Entries follow. Return each line that contains the word "circ".
↓↓↓
lemma tpoly_annihilator_exists:
  "\<exists>c n. (\<exists>k<n. c k \<noteq> 0) \<and> ein Ds Ds Ds B (tpoly Ds B c n) = 0"
proof -
  let ?U = "(\<lambda>d x. if x = d then 1 else 0) ` multi_idx (Ds @ Ds) :: (nat list \<Rightarrow> complex) set"
  have fin: "finite ?U"
    by (simp add: finite_multi_idx)
  have span: "range (\<lambda>k. tpow Ds B (Suc k)) \<subseteq> tensor_space.span ?U"
    by (rule image_subsetI) (rule tensor_in_span_unit[OF tensor_tpow])
  obtain c where c: "\<exists>k\<le>card ?U. c k \<noteq> 0"
    and "(\<Sum>k\<le>card ?U. tscale (c k) (tpow Ds B (Suc k))) = 0"
    using tensor_space.sequence_dependent_in_finite_span[OF fin span] by blast
  then have "ein Ds Ds Ds B (tpoly Ds B c (Suc (card ?U))) = 0"
    by (simp add: ein_tpoly_right lessThan_Suc_atMost)
  moreover have "\<exists>k<Suc (card ?U). c k \<noteq> 0"
    using c by (auto simp: less_Suc_eq_le)
  ultimately show ?thesis
    by blast
qed

lemma ginv_if_tpoly_annihilator:
  assumes "tensor (Ds @ Ds) B" and "herm Ds Ds B = B"
  shows "(\<exists>k<n. c k \<noteq> 0) \<Longrightarrow> ein Ds Ds Ds B (tpoly Ds B c n) = 0 \<Longrightarrow>
    \<exists>G. tensor (Ds @ Ds) G \<and> ein Ds Ds Ds B (ein Ds Ds Ds G B) = B"
proof (induction n arbitrary: c)
  case 0
  then show ?case
    by simp
next
  case (Suc n)
  let ?P = "tpoly Ds B (c \<circ> Suc) n"
  have "tscale (c 0) B + ein Ds Ds Ds B (ein Ds Ds Ds B ?P) = 0"
    using Suc.prems(2) by (simp only: ein_tpoly_Suc[OF assms(1)])
  then have rel: "ein Ds Ds Ds B (ein Ds Ds Ds B ?P) = tscale (- c 0) B"
    by (simp add: add_eq_0_iff)
  show ?case
  proof (cases "c 0 = 0")
    case True
    have "\<exists>k<n. (c \<circ> Suc) k \<noteq> 0"
      using Suc.prems(1) True by (auto simp: less_Suc_eq_0_disj)
    moreover have "ein Ds Ds Ds B ?P = 0"
      by (rule ein_herm_square_eq_0[OF assms(2)]) (simp add: rel True)
    ultimately show ?thesis
      by (rule Suc.IH)
  next
    case False
    let ?G = "tscale (- 1 / c 0) ?P"
    have "ein Ds Ds Ds B (ein Ds Ds Ds ?G B) = tscale (- 1 / c 0) (ein Ds Ds Ds B (ein Ds Ds Ds B ?P))"
      by (simp only: ein_tscale_left ein_tscale_right tpoly_commute[OF assms(1)])
    also have "\<dots> = B"
      using False by (simp add: rel)
    finally show ?thesis
      by (blast intro: tensor_tscale tensor_tpoly)
  qed
qed

lemma herm_ginv_exists:
  assumes "tensor (Ds @ Ds) B" and "herm Ds Ds B = B"
  shows "\<exists>G. herm Ds Ds G = G \<and> ein Ds Ds Ds B (ein Ds Ds Ds G B) = B"
proof -
  obtain G where tG: "tensor (Ds @ Ds) G" and BGB: "ein Ds Ds Ds (ein Ds Ds Ds B G) B = B"
    using tpoly_annihilator_exists ginv_if_tpoly_annihilator[OF assms] by (metis ein_assoc)
  have "ein Ds Ds Ds (ein Ds Ds Ds B (herm Ds Ds G)) B = B"
    using arg_cong[OF BGB, of "herm Ds Ds"] assms(2) by (simp add: herm_ein ein_assoc)
  \<comment> \<open>G B G^H is a Hermitian inner inverse of B\<close>
  with BGB have "ein Ds Ds Ds B (ein Ds Ds Ds (ein Ds Ds Ds G (ein Ds Ds Ds B (herm Ds Ds G))) B) = B"
    by (simp add: ein_assoc)
  then show ?thesis
    using herm_congruence[OF tG assms(2)] by (intro exI conjI)
qed

lemma inverse_13_exists:
  assumes "tensor (Is @ Js) A"
  shows "\<exists>X. ein Is Js Js A (ein Js Is Js X A) = A \<and> herm Is Is (ein Is Js Is A X) = ein Is Js Is A X"
proof -
  let ?B = "ein Js Is Js (herm Is Js A) A"
  have "herm Js Js ?B = ?B"
    using assms by (simp add: herm_ein herm_herm)
  then obtain G where hG: "herm Js Js G = G" and BGB: "ein Js Js Js ?B (ein Js Js Js G ?B) = ?B"
    using herm_ginv_exists[OF tensor_ein] by blast
  have "ein Is Js Js A (ein Js Js Js G ?B) = ein Is Js Js A (ident Js)"
    by (rule ein_herm_cancel_left) (use BGB in \<open>simp add: ein_assoc ein_ident_right tensor_ein\<close>)
  then have "ein Is Js Js A (ein Js Is Js (ein Js Js Is G (herm Is Js A)) A) = A"
    using assms by (simp add: ein_assoc ein_ident_right)
  then show ?thesis
    using herm_congruence[OF assms hG] by (intro exI conjI)
qed

lemma is_MP_of_inverses_13_14:
  assumes A3: "ein Is Js Js A (ein Js Is Js X A) = A" and H3: "herm Is Is (ein Is Js Is A X) = ein Is Js Is A X"
    and A4: "ein Is Js Js A (ein Js Is Js Y A) = A" and H4: "herm Js Js (ein Js Is Js Y A) = ein Js Is Js Y A"
  shows "is_MP Is Js A (ein Js Is Is Y (ein Is Js Is A X))"
proof -
  let ?M = "ein Js Is Is Y (ein Is Js Is A X)"
  have AM: "ein Is Js Is A ?M = ein Is Js Is A X"
  proof -
    have "ein Is Js Is A ?M = ein Is Js Is (ein Is Js Js A (ein Js Is Js Y A)) X"
      by (simp only: ein_assoc)
    then show ?thesis
      using A4 by simp
  qed
  have MA: "ein Js Is Js ?M A = ein Js Is Js Y A"
  proof -
    have "ein Js Is Js ?M A = ein Js Is Js Y (ein Is Js Js A (ein Js Is Js X A))"
      by (simp only: ein_assoc)
    then show ?thesis
      using A3 by simp
  qed
  have "ein Js Is Is ?M (ein Is Js Is A ?M) = ein Js Is Is Y (ein Is Js Is (ein Is Js Js A (ein Js Is Js X A)) X)"
    unfolding AM by (simp only: ein_assoc)
  then have "ein Js Is Is ?M (ein Is Js Is A ?M) = ?M"
    using A3 by simp
  then show ?thesis
    unfolding is_MP_def using AM MA A4 H3 H4 by (simp add: tensor_ein)
qed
↑↑↑
**Task answer**:
  let ?P = "tpoly Ds B (c \<circ> Suc) n"
    have "\<exists>k<n. (c \<circ> Suc) k \<noteq> 0"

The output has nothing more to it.